Zacks Rank and Stocks to Consider

Marriott Vacations currently carries a Zacks Rank #3 (Hold). You can see the complete list of today’s Zacks #1 Rank (Strong Buy) stocks here.

Some better-ranked stocks in the Zacks Consumer Discretionary sector are Monarch Casino & Resort, Inc. MCRI, Hilton Grand Vacations Inc. HGV and Hyatt Hotels Corporation H.

Monarch Casino sports a Zacks Rank #1. MCRI has a trailing four-quarter earnings surprise of 9.1%, on average. The stock has gained 20.5% in the past year.

The Zacks Consensus Estimate for MCRI’s 2022 sales and earnings per share (EPS) indicates growth of 21.1% and 29.2%, respectively, from the year-ago period’s reported levels.

Hilton Grand Vacations currently has a Zacks Rank #1. HGV has a trailing four-quarter earnings surprise of 3.7%, on average.

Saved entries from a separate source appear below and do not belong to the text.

theorem theorem3:
  fixes f :: "real^'n \<Rightarrow> real" and gradf :: "real^'n \<Rightarrow> real^'n"
    and F :: "real^'n \<Rightarrow> real^'m" and JF :: "real^'n \<Rightarrow> real^'n^'m"
    and \<rho> \<rho>0 \<alpha>bar c0 \<beta>low \<beta>up Lf MF LF :: real
    and S :: "(real^'n) set"
    and x :: "nat \<Rightarrow> real^'n" and \<beta> :: "nat \<Rightarrow> real"
    and xs :: "real^'n" and Pstar :: real
    and \<tau> :: ereal and \<phi> :: "real \<Rightarrow> real"
  assumes f_C1: "\<And>y. GDERIV f y :> gradf y" "continuous_on UNIV gradf"
    and F_C1: "\<And>y. (F has_derivative (\<lambda>h. JF y *v h)) (at y)" "continuous_on UNIV JF"
    \<comment> \<open>Assumption 1\<close>
    and A1: "\<rho>0 \<ge> 0"
      "\<exists>c. {y. f y + \<rho>0 / 2 * (norm (F y))\<^sup>2 \<le> c} \<noteq> {} \<and>
           compact {y. f y + \<rho>0 / 2 * (norm (F y))\<^sup>2 \<le> c}"
      "bdd_below (range (\<lambda>y. f y + \<rho>0 / 2 * (norm (F y))\<^sup>2))"
    \<comment> \<open>Assumption 2\<close>
    and A2: "compact S" "convex S" "Lf > 0" "MF > 0" "LF > 0"
      "\<And>y z. y \<in> S \<Longrightarrow> z \<in> S \<Longrightarrow> norm (gradf y - gradf z) \<le> Lf * norm (y - z)"
      "\<And>y. y \<in> S \<Longrightarrow> onorm (\<lambda>h. JF y *v h) \<le> MF"
      "\<And>y z. y \<in> S \<Longrightarrow> z \<in> S \<Longrightarrow> onorm (\<lambda>h. (JF y - JF z) *v h) \<le> LF * norm (y - z)"
      "\<And>y. y \<in> S \<Longrightarrow> rank (JF y) = CARD('m)"
    \<comment> \<open>Assumption 3\<close>
    and A3: "\<And>y. norm (F y) \<le> 1 \<Longrightarrow> f y \<le> \<alpha>bar"
    and par: "\<rho> \<ge> max 1 (3 * \<rho>0)" "c0 > 0" "f (x 0) \<le> \<alpha>bar"
      "(norm (F (x 0)))\<^sup>2 \<le> min 1 (2 * c0 / \<rho>)"
    and lqp: "\<beta>low > 0"
      "\<And>k. \<beta> (Suc k) \<ge> \<beta>low"
      "\<And>k y. Pbar f gradf F JF \<rho> (x k) (x (Suc k)) + \<beta> (Suc k) / 2 * (norm (x (Suc k) - x k))\<^sup>2
              \<le> Pbar f gradf F JF \<rho> (x k) y + \<beta> (Suc k) / 2 * (norm (y - x k))\<^sup>2"
      "\<And>k. Pen f F \<rho> (x (Suc k)) \<le> Pen f F \<rho> (x k) - \<beta> (Suc k) / 2 * (norm (x (Suc k) - x k))\<^sup>2"
    and iter_S: "\<And>k. x k \<in> S"
    and beta_bd: "\<And>k. k \<ge> 1 \<Longrightarrow> \<beta>low \<le> \<beta> k \<and> \<beta> k \<le> \<beta>up"
    and lim_x: "x \<longlonglongrightarrow> xs"
    and lim_P: "(\<lambda>k. Pen f F \<rho> (x k)) \<longlonglongrightarrow> Pstar"
    and KL: "KL_at (Pen f F \<rho>) xs \<tau> \<phi>"
  shows "\<exists>k1\<ge>1. \<exists>C>0. \<forall>k\<ge>k1.
           norm (x k - xs) \<le> C * max (\<phi> (Pen f F \<rho> (x k) - Pstar)) (sqrt (Pen f F \<rho> (x (k - 1)) - Pstar))"
proof -
  have "continuous_on S F"
    by (intro continuous_at_imp_continuous_on ballI has_derivative_continuous[OF F_C1(1)])
  then have "bounded (F ` S)" using A2(1) by (intro compact_imp_bounded compact_continuous_image)
  then obtain B where B: "\<And>y. y \<in> S \<Longrightarrow> norm (F y) \<le> B" unfolding bounded_iff by auto
  have "0 \<le> B" using B[OF iter_S[of 0]] norm_ge_zero order_trans by blast
  have "\<beta>low \<le> \<beta>up" using beta_bd[of 1] by simp
  show ?thesis
  proof (rule KL_convergence_rate[OF GDERIV_Pen[OF f_C1(1) F_C1(1)] _ lqp(1) _ _ lim_x lim_P KL])
    show "0 < Lf + \<rho> * (LF * B + 2 * MF * MF) + \<beta>up"
      using A2(3-5) par(1) \<open>0 \<le> B\<close> lqp(1) \<open>\<beta>low \<le> \<beta>up\<close> by (simp add: add_pos_nonneg)
    show "\<beta>low / 2 * (norm (x (Suc k) - x k))\<^sup>2 \<le> Pen f F \<rho> (x k) - Pen f F \<rho> (x (Suc k))" for k
    proof -
      have "\<beta>low / 2 * (norm (x (Suc k) - x k))\<^sup>2 \<le> \<beta> (Suc k) / 2 * (norm (x (Suc k) - x k))\<^sup>2"
        using lqp(2)[of k] by (intro mult_right_mono divide_right_mono) auto
      then show ?thesis using lqp(4)[of k] by linarith
    qed
    show "norm (gradf (x (Suc k)) + \<rho> *\<^sub>R (transpose (JF (x (Suc k))) *v F (x (Suc k))))
        \<le> (Lf + \<rho> * (LF * B + 2 * MF * MF) + \<beta>up) * norm (x (Suc k) - x k)" for k
      using lqp(1) lqp(2)[of k] par(1) beta_bd[of "Suc k"]
      by (intro norm_grad_Pen_le_step[OF F_C1(1) A2(2) iter_S iter_S A2(6-8) B lqp(3)]) auto
  qed
qed
(* Let $c_{db}$ be large enough (depending only on $s,d$) so that the following holds: for any chain $Q_0\supset Q_1\supset\dots\supset Q_n$ in $\mathcal D$ with $Q_j$ a child of $Q_{j-1}$ and $Q_j$ not $p$-doubling for $1\le j\le n$, one has $\Theta(Q_j)\le 2^{-j/2}p(Q_0)$ for all $j$. Fix $Q\in\mathcal D$ and let $J\subset\mathcal D$ be a family of cubes contained in $Q$ such that for every $P\in J$, every cube $P'\in\mathcal D$ with $P\subset P'\subset Q$ is not $p$-doubling. Then $$\sigma(J)\le 2\,p(Q)^2\,\mu(Q).$$
   Context: $0<s<d$. $E\subset\mathbb R^d$ is a Cantor set built from a compact $Q^0$ by repeatedly choosing, inside each closed "cube" $Q$ of generation $k$, a finite nonempty family of closed children (the cubes of generation $k+1$), such that each child $Q'$ of $Q$ satisfies $\frac18\ell(Q)\le\ell(Q')\le\frac13\ell(Q)$, where $\ell(Q)=\operatorname{diam}(Q)$, and distinct children of $Q$ are at distance $\ge c_{sep}\ell(Q)$. $\mathcal D$ is the family of all such cubes. $\mu$ is a finite Borel measure supported on $E$ with $\mu(Q)>0$ for all $Q\in\mathcal D$. $\Theta(Q)=\mu(Q)/\ell(Q)^s$, $p(Q)=\sum_{P\in\mathcal D,\,P\supset Q}\frac{\ell(Q)}{\ell(P)}\Theta(P)$, $Q$ is $p$-doubling (with constant $c_{db}$) if $p(Q)\le c_{db}\Theta(Q)$, and for $\mathcal A\subset\mathcal D$, $\sigma(\mathcal A)=\sum_{P\in\mathcal A}\Theta(P)^2\mu(P)$. *)

theory Defs
  imports "HOL-Analysis.Analysis"
begin
lemma pd_root_props:
  assumes s: "symmetric_mat N" and pd: "pos_def N"
  shows "symmetric_mat (pd_root N)" "pos_def (pd_root N)" "pd_root N ** pd_root N = N"
proof -
  have N: "N$1$1 > 0" "N$2$2 > 0" "det N > 0"
    using pd pos_def_diag[OF pd] unfolding pos_def_iff[OF s] by simp_all
  have s': "N$2$1 = N$1$2" using s by (simp add: symmetric_mat_iff)
  define \<delta> where "\<delta> = sqrt (det N)"
  define \<tau> where "\<tau> = sqrt (trace N + 2 * \<delta>)"
  have \<delta>: "\<delta> > 0" "\<delta> * \<delta> = N$1$1 * N$2$2 - N$1$2 * N$1$2"
    unfolding \<delta>_def using N(3) by (simp_all add: det_2 s')
  have \<tau>: "\<tau> > 0" "\<tau> * \<tau> = N$1$1 + N$2$2 + 2 * \<delta>"
    unfolding \<tau>_def trace_2 using N(1,2) \<delta>(1) by simp_all
  have root: "pd_root N = mk2 ((N$1$1 + \<delta>) / \<tau>) (N$1$2 / \<tau>) (N$1$2 / \<tau>) ((N$2$2 + \<delta>) / \<tau>)"
    unfolding pd_root_def \<delta>_def[symmetric] \<tau>_def[symmetric] mat2_eq_iff using s' by simp
  show sym: "symmetric_mat (pd_root N)" unfolding root symmetric_mat_iff by simp
  have "det (pd_root N) = ((N$1$1 + \<delta>) * (N$2$2 + \<delta>) - N$1$2 * N$1$2) / (\<tau> * \<tau>)"
    unfolding root det_2 using \<tau>(1) by (simp add: field_simps)
  also have "(N$1$1 + \<delta>) * (N$2$2 + \<delta>) - N$1$2 * N$1$2 = \<delta> * (\<tau> * \<tau>)"
    unfolding \<tau>(2) using \<delta>(2) by (simp add: algebra_simps)
  finally have "det (pd_root N) = \<delta>" using \<tau>(1) by simp
  moreover have "pd_root N $1$1 > 0" unfolding root using N(1) \<delta>(1) \<tau>(1) by simp
  ultimately show "pos_def (pd_root N)" unfolding pos_def_iff[OF sym] using \<delta>(1) by simp
  have sq: "mk2 (a / \<tau>) (b / \<tau>) (b / \<tau>) (c / \<tau>) ** mk2 (a / \<tau>) (b / \<tau>) (b / \<tau>) (c / \<tau>)
      = mk2 ((a * a + b * b) / (\<tau> * \<tau>)) ((a * b + b * c) / (\<tau> * \<tau>))
            ((a * b + b * c) / (\<tau> * \<tau>)) ((b * b + c * c) / (\<tau> * \<tau>))" for a b c
    unfolding mat2_eq_iff by (simp add: mat2_simps add_divide_distrib mult.commute)
  have "(N$1$1 + \<delta>) * (N$1$1 + \<delta>) + N$1$2 * N$1$2 = N$1$1 * (\<tau> * \<tau>)"
    and "(N$1$1 + \<delta>) * N$1$2 + N$1$2 * (N$2$2 + \<delta>) = N$1$2 * (\<tau> * \<tau>)"
    and "N$1$2 * N$1$2 + (N$2$2 + \<delta>) * (N$2$2 + \<delta>) = N$2$2 * (\<tau> * \<tau>)"
    unfolding \<tau>(2) using \<delta>(2) by (simp_all add: algebra_simps)
  hence "pd_root N ** pd_root N = mk2 (N$1$1 * (\<tau> * \<tau>) / (\<tau> * \<tau>)) (N$1$2 * (\<tau> * \<tau>) / (\<tau> * \<tau>))
                                     (N$1$2 * (\<tau> * \<tau>) / (\<tau> * \<tau>)) (N$2$2 * (\<tau> * \<tau>) / (\<tau> * \<tau>))"
    unfolding root sq by (simp only:)
  thus "pd_root N ** pd_root N = N" unfolding mat2_eq_iff using \<tau>(1) s' by simp
qed

lemma pd_sqrt_eq:
  assumes "symmetric_mat N" "pos_def N"
  shows "pd_sqrt N = pd_root N"
  unfolding pd_sqrt_def
proof (rule the_equality)
  show "symmetric_mat (pd_root N) \<and> pos_def (pd_root N) \<and> pd_root N ** pd_root N = N"
    using pd_root_props[OF assms] by simp
  show "S = pd_root N" if "symmetric_mat S \<and> pos_def S \<and> S ** S = N" for S
    using that pd_root_unique by blast
qed
lemma rat_cong_refl: "prime P \<Longrightarrow> p_integral P a \<Longrightarrow> rat_cong a a P"
  unfolding rat_cong_def using p_integral_zero by force

lemma rat_cong_sym: "prime P \<Longrightarrow> rat_cong a b P \<Longrightarrow> rat_cong b a P"
  unfolding rat_cong_def by (metis minus_diff_eq mult_minus_right p_integral_uminus)

lemma rat_cong_trans:
  assumes "prime P" "rat_cong a b P" "rat_cong b c P"
  shows "rat_cong a c P"
proof -
  obtain u v where "p_integral P u" "a - b = of_int P * u" "p_integral P v" "b - c = of_int P * v"
    using assms(2,3) by (auto simp: rat_cong_def)
  moreover from this have "a - c = of_int P * (u + v)"
    by (simp add: algebra_simps)
  ultimately show ?thesis
    using assms by (auto simp: rat_cong_def p_integral_add)
qed

lemma rat_cong_add:
  assumes "prime P" "rat_cong a b P" "rat_cong c d P"
  shows "rat_cong (a + c) (b + d) P"
proof -
  obtain u v where "p_integral P u" "a - b = of_int P * u" "p_integral P v" "c - d = of_int P * v"
    using assms(2,3) by (auto simp: rat_cong_def)
  moreover from this have "a + c - (b + d) = of_int P * (u + v)"
    by (simp add: algebra_simps)
  ultimately show ?thesis
    using assms by (auto simp: rat_cong_def p_integral_add)
qed

lemma rat_cong_uminus: "prime P \<Longrightarrow> rat_cong a b P \<Longrightarrow> rat_cong (- a) (- b) P"
  unfolding rat_cong_def by (metis minus_diff_eq minus_diff_minus mult_minus_right p_integral_uminus)

lemma rat_cong_diff:
  "prime P \<Longrightarrow> rat_cong a b P \<Longrightarrow> rat_cong c d P \<Longrightarrow> rat_cong (a - c) (b - d) P"
  using rat_cong_add[of P a b "- c" "- d"] rat_cong_uminus by simp

lemma rat_cong_mult:
  assumes "prime P" "rat_cong a b P" "rat_cong c d P"
  shows "rat_cong (a * c) (b * d) P"
proof -
  obtain u v where "p_integral P u" "a - b = of_int P * u" "p_integral P v" "c - d = of_int P * v"
    using assms(2,3) by (auto simp: rat_cong_def)
  moreover from this have "a * c - b * d = of_int P * (u * c + b * v)"
    by (simp add: algebra_simps)
  ultimately show ?thesis
    using assms by (auto simp: rat_cong_def p_integral_add p_integral_mult)
qed

lemma rat_cong_sum:
  "prime P \<Longrightarrow> (\<And>j. j \<in> A \<Longrightarrow> rat_cong (f j) (g j) P) \<Longrightarrow>
    rat_cong (\<Sum>j\<in>A. f j) (\<Sum>j\<in>A. g j) P"
  by (induction A rule: infinite_finite_induct)
    (auto simp: rat_cong_add rat_cong_refl p_integral_zero)

lemma rat_cong_multiple: "prime P \<Longrightarrow> p_integral P u \<Longrightarrow> rat_cong (of_int P * u) 0 P"
  unfolding rat_cong_def by (auto simp: p_integral_mult p_integral_zero p_integral_of_int)

lemma rat_cong_prod_one_plus:
  assumes "prime P" "finite A" "\<And>j. j \<in> A \<Longrightarrow> p_integral P (x j)"
  shows "rat_cong (((\<Prod>j\<in>A. 1 + of_int P * x j) - 1) / of_int P) (\<Sum>j\<in>A. x j) P"
  using assms(2,3)
proof (induction A rule: finite_induct)
  case empty
  then show ?case
    using assms(1) by (simp add: rat_cong_refl p_integral_zero)
next
  case (insert i A)
  define a where "a = ((\<Prod>j\<in>A. 1 + of_int P * x j) - 1) / of_int P"
  have "P \<noteq> 0"
    using assms(1) by auto
  have IH: "rat_cong a (\<Sum>j\<in>A. x j) P"
    using insert by (simp add: a_def)
  have xi: "p_integral P (x i)" and "p_integral P a"
    using insert.prems IH by (auto simp: rat_cong_def)
  have "((\<Prod>j\<in>insert i A. 1 + of_int P * x j) - 1) / of_int P = (x i + a) + of_int P * (x i * a)"
    using insert.hyps \<open>P \<noteq> 0\<close> by (simp add: a_def field_simps)
  moreover have "rat_cong ((x i + a) + of_int P * (x i * a)) ((x i + a) + 0) P"
    using assms(1) xi \<open>p_integral P a\<close>
    by (intro rat_cong_add rat_cong_refl rat_cong_multiple p_integral_add p_integral_mult)
  moreover have "rat_cong (x i + a) (\<Sum>j\<in>insert i A. x j) P"
    using assms(1) insert.hyps xi IH by (simp add: rat_cong_add rat_cong_refl)
  ultimately show ?case
    using assms(1) by (metis add_0_right rat_cong_trans)
qed

lemma bij_betw_mult_mod:
  fixes m p :: nat
  assumes "coprime m p"
  shows "bij_betw (\<lambda>j. m * j mod p) {1..<p} {1..<p}"
proof -
  have "inj_on (\<lambda>j. m * j mod p) {1..<p}"
  proof (rule inj_onI)
    fix i j assume "i \<in> {1..<p}" "j \<in> {1..<p}" "m * i mod p = m * j mod p"
    then show "i = j"
      using cong_mult_lcancel_nat[OF assms] by (simp add: cong_def)
  qed
  moreover have "m * j mod p \<in> {1..<p}" if j: "j \<in> {1..<p}" for j
  proof -
    have "\<not> p dvd j"
      using j by (auto dest: dvd_imp_le)
    then have "\<not> p dvd m * j"
      using assms by (simp add: coprime_commute coprime_dvd_mult_right_iff)
    then show ?thesis
      using j by (simp add: mod_greater_zero_iff_not_dvd Suc_le_eq)
  qed
  ultimately show ?thesis
    unfolding bij_betw_def by (metis endo_inj_surj finite_atLeastLessThan image_subsetI)
qed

The stock has declined 6.2% in the past year.

The Zacks Consensus Estimate for HGV’s 2022 sales and EPS indicates a rise of 63.8% and 60.9%, respectively, from the year-ago period’s levels.

Hyatt currently has a Zacks Rank #2 (Buy). H has a trailing four-quarter earnings surprise of 652.3%, on average. The stock has increased 20.9% in the past year.

The Zacks Consensus Estimate for H’s current financial year sales and EPS indicates a surge of 91.9% and 121%, respectively, from the year-ago period’s reported levels.